I have spent the last 8 days in Delhi, India – an incredibly busy and crowded city, with beautiful people, stunning monuments that are older than the “birthday” Canada is celebrating this year, ridiculous traffic, some green spaces, and much poverty.
I have traveled to many countries, and poverty looks similar everywhere. It breaks my heart. Also familiar is the way people walk over, around and through the poor.
And, sadly, I am reminded that every country seems to have a people they point to as “less than” – less deserving of respect, consideration, time, compassion. In Delhi, my experience of this came from the driver of our car who, at every opportunity, told us in no uncertain terms that he considered the Bangladeshi immigrants who come over the border to be the lowest of the low. Assertions he made evenly and calmly, as if they were indisputable facts; as if he had been saying these things his whole life. Maybe he had. And was sharing this with us as if providing a service.
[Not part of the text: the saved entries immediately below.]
(* Let $G_1$ and $G_2$ be connected $k$-regular graphs with $|V(G_1)|=|V(G_2)|=n$ and $Z(G_1)\neq Z(G_2)$. Let $m\geq n$, and let $G'=(G_1\vee P_m)\cup G_2$ and $G''=(G_2\vee P_m)\cup G_1$, where $\cup$ denotes disjoint union. Then $G'$ and $G''$ are nonisomorphic graphs that are cospectral with respect to the adjacency matrix, and $Z(G')\neq Z(G'')$.
   Context: Graphs are finite, simple, undirected. $P_m$ is the path on $m$ vertices. The join $G\vee H$ is the disjoint union of $G$ and $H$ together with all edges $\{u,v\}$, $u\in V(G)$, $v\in V(H)$. The zero forcing number $Z(G)$ is the minimum size of a set $S\subseteq V(G)$ such that, if the vertices of $S$ are colored blue and all others white, repeated application of the rule "a blue vertex with exactly one white neighbor forces that neighbor to become blue" eventually makes every vertex blue. *)

theory Defs
  imports Main "Jordan_Normal_Form.Char_Poly"
begin

record 'a graph =
  verts :: "'a set"
  adj :: "'a \<Rightarrow> 'a \<Rightarrow> bool"

definition sgraph :: "('a, 'b) graph_scheme \<Rightarrow> bool" where
  "sgraph G \<longleftrightarrow> finite (verts G) \<and>
     (\<forall>u v. adj G u v \<longrightarrow> u \<in> verts G \<and> v \<in> verts G \<and> u \<noteq> v \<and> adj G v u)"

definition neighbors :: "('a, 'b) graph_scheme \<Rightarrow> 'a \<Rightarrow> 'a set" where
  "neighbors G v = {u. adj G v u}"

definition regular :: "nat \<Rightarrow> ('a, 'b) graph_scheme \<Rightarrow> bool" where
  "regular k G \<longleftrightarrow> (\<forall>v\<in>verts G. card (neighbors G v) = k)"

definition connected_graph :: "('a, 'b) graph_scheme \<Rightarrow> bool" where
  "connected_graph G \<longleftrightarrow> verts G \<noteq> {} \<and>
     (\<forall>u\<in>verts G. \<forall>v\<in>verts G. (u, v) \<in> {(x, y). adj G x y}\<^sup>*)"

definition path_graph :: "nat \<Rightarrow> nat graph" where
  "path_graph m = \<lparr> verts = {..<m},
     adj = (\<lambda>i j. i < m \<and> j < m \<and> (j = i + 1 \<or> i = j + 1)) \<rparr>"

definition disj_union :: "'a graph \<Rightarrow> 'b graph \<Rightarrow> ('a + 'b) graph" where
  "disj_union G H = \<lparr> verts = Inl ` verts G \<union> Inr ` verts H,
     adj = (\<lambda>x y. case (x, y) of
              (Inl a, Inl b) \<Rightarrow> adj G a b
            | (Inr a, Inr b) \<Rightarrow> adj H a b
            | _ \<Rightarrow> False) \<rparr>"

definition graph_join :: "'a graph \<Rightarrow> 'b graph \<Rightarrow> ('a + 'b) graph" where
  "graph_join G H = \<lparr> verts = Inl ` verts G \<union> Inr ` verts H,
     adj = (\<lambda>x y. case (x, y) of
              (Inl a, Inl b) \<Rightarrow> adj G a b
            | (Inr a, Inr b) \<Rightarrow> adj H a b
            | (Inl a, Inr b) \<Rightarrow> a \<in> verts G \<and> b \<in> verts H
            | (Inr a, Inl b) \<Rightarrow> a \<in> verts H \<and> b \<in> verts G) \<rparr>"

definition graph_iso :: "'a graph \<Rightarrow> 'b graph \<Rightarrow> bool" where
  "graph_iso G H \<longleftrightarrow> (\<exists>f. bij_betw f (verts G) (verts H) \<and>
     (\<forall>u\<in>verts G. \<forall>v\<in>verts G. adj G u v \<longleftrightarrow> adj H (f u) (f v)))"

text \<open>Set of vertices that are eventually blue, starting from blue set S, under the
  rule: a blue vertex u with exactly one white neighbour v forces v.
  (The final coloring is independent of the order of forces.)\<close>
inductive_set forced_closure :: "'a graph \<Rightarrow> 'a set \<Rightarrow> 'a set"
  for G :: "'a graph" and S :: "'a set" where
  init: "x \<in> S \<Longrightarrow> x \<in> forced_closure G S"
| force: "\<lbrakk> u \<in> forced_closure G S; u \<in> verts G; adj G u v;
            \<forall>w. adj G u w \<and> w \<noteq> v \<longrightarrow> w \<in> forced_closure G S \<rbrakk>
          \<Longrightarrow> v \<in> forced_closure G S"

definition zero_forcing_set :: "'a graph \<Rightarrow> 'a set \<Rightarrow> bool" where
  "zero_forcing_set G S \<longleftrightarrow> S \<subseteq> verts G \<and> forced_closure G S = verts G"

definition zero_forcing_number :: "'a graph \<Rightarrow> nat" where
  "zero_forcing_number G = Min (card ` {S. zero_forcing_set G S})"

text \<open>Adjacency matrix w.r.t. an (arbitrary, fixed) enumeration of the vertices;
  its characteristic polynomial does not depend on the enumeration.\<close>
definition vertex_enum :: "'a graph \<Rightarrow> nat \<Rightarrow> 'a" where
  "vertex_enum G = (SOME f. bij_betw f {..<card (verts G)} (verts G))"

definition adj_matrix :: "'a graph \<Rightarrow> real mat" where
  "adj_matrix G = mat (card (verts G)) (card (verts G))
     (\<lambda>(i, j). if adj G (vertex_enum G i) (vertex_enum G j) then 1 else 0)"

definition cospectral :: "'a graph \<Rightarrow> 'b graph \<Rightarrow> bool" where
  "cospectral G H \<longleftrightarrow> char_poly (adj_matrix G) = char_poly (adj_matrix H)"

end

theory Submission
  imports Defs
begin

(* Z is additive over disjoint unions.  For m >= n the join G_i v P_m has minimum degree
   n + 1, so Z(G_i v P_m) >= n + 1, and V(G_i) together with an end of the path is a zero
   forcing set of that size.  Hence Z(G') = n + 1 + Z(G_2) and Z(G'') = n + 1 + Z(G_1)
   differ, which also rules out an isomorphism.  For cospectrality identify the vertices of
   G'' with those of G' by swapping G_1 and G_2, let s be +1 on G_1, 0 on P_m and -1 on G_2,
   and let p be the indicator of P_m.  Then A' - A'' = s p^T + p s^T, and k-regularity gives
   s^T A' = k s^T + n p^T and A'' s = k s - n p.  Consequently the Householder reflection
   T = I - s s^T / n (an involution, as |s|^2 = 2n) satisfies T A' = A'' T. *)

lemma verts_disj_union [simp]: "verts (disj_union G H) = verts G <+> verts H"
  by (simp add: disj_union_def Plus_def)

lemma adj_disj_union [simp]:
  "adj (disj_union G H) (Inl a) (Inl b) = adj G a b"
  "adj (disj_union G H) (Inr c) (Inr d) = adj H c d"
  "\<not> adj (disj_union G H) (Inl a) (Inr d)"
  "\<not> adj (disj_union G H) (Inr c) (Inl b)"
  by (simp_all add: disj_union_def)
His comments reminded me of how easy it is to vilify a people – with our without personal experience – and to pass this intolerance, disdain, and hatred on to others. How easily we can accept someone else’s belief and even carry it forward without any experience or reason to back it up – often without thinking. Often thinking we are justified in passing along ‘the truth.’
But the truth is subjective.
And as we drove by homes made from weathered plastic tarp, fastened to chain link fences under highway overpasses, children sleeping curled up on concrete blocks as traffic zipped by, I wondered what horrors these people left behind to make this life seem better?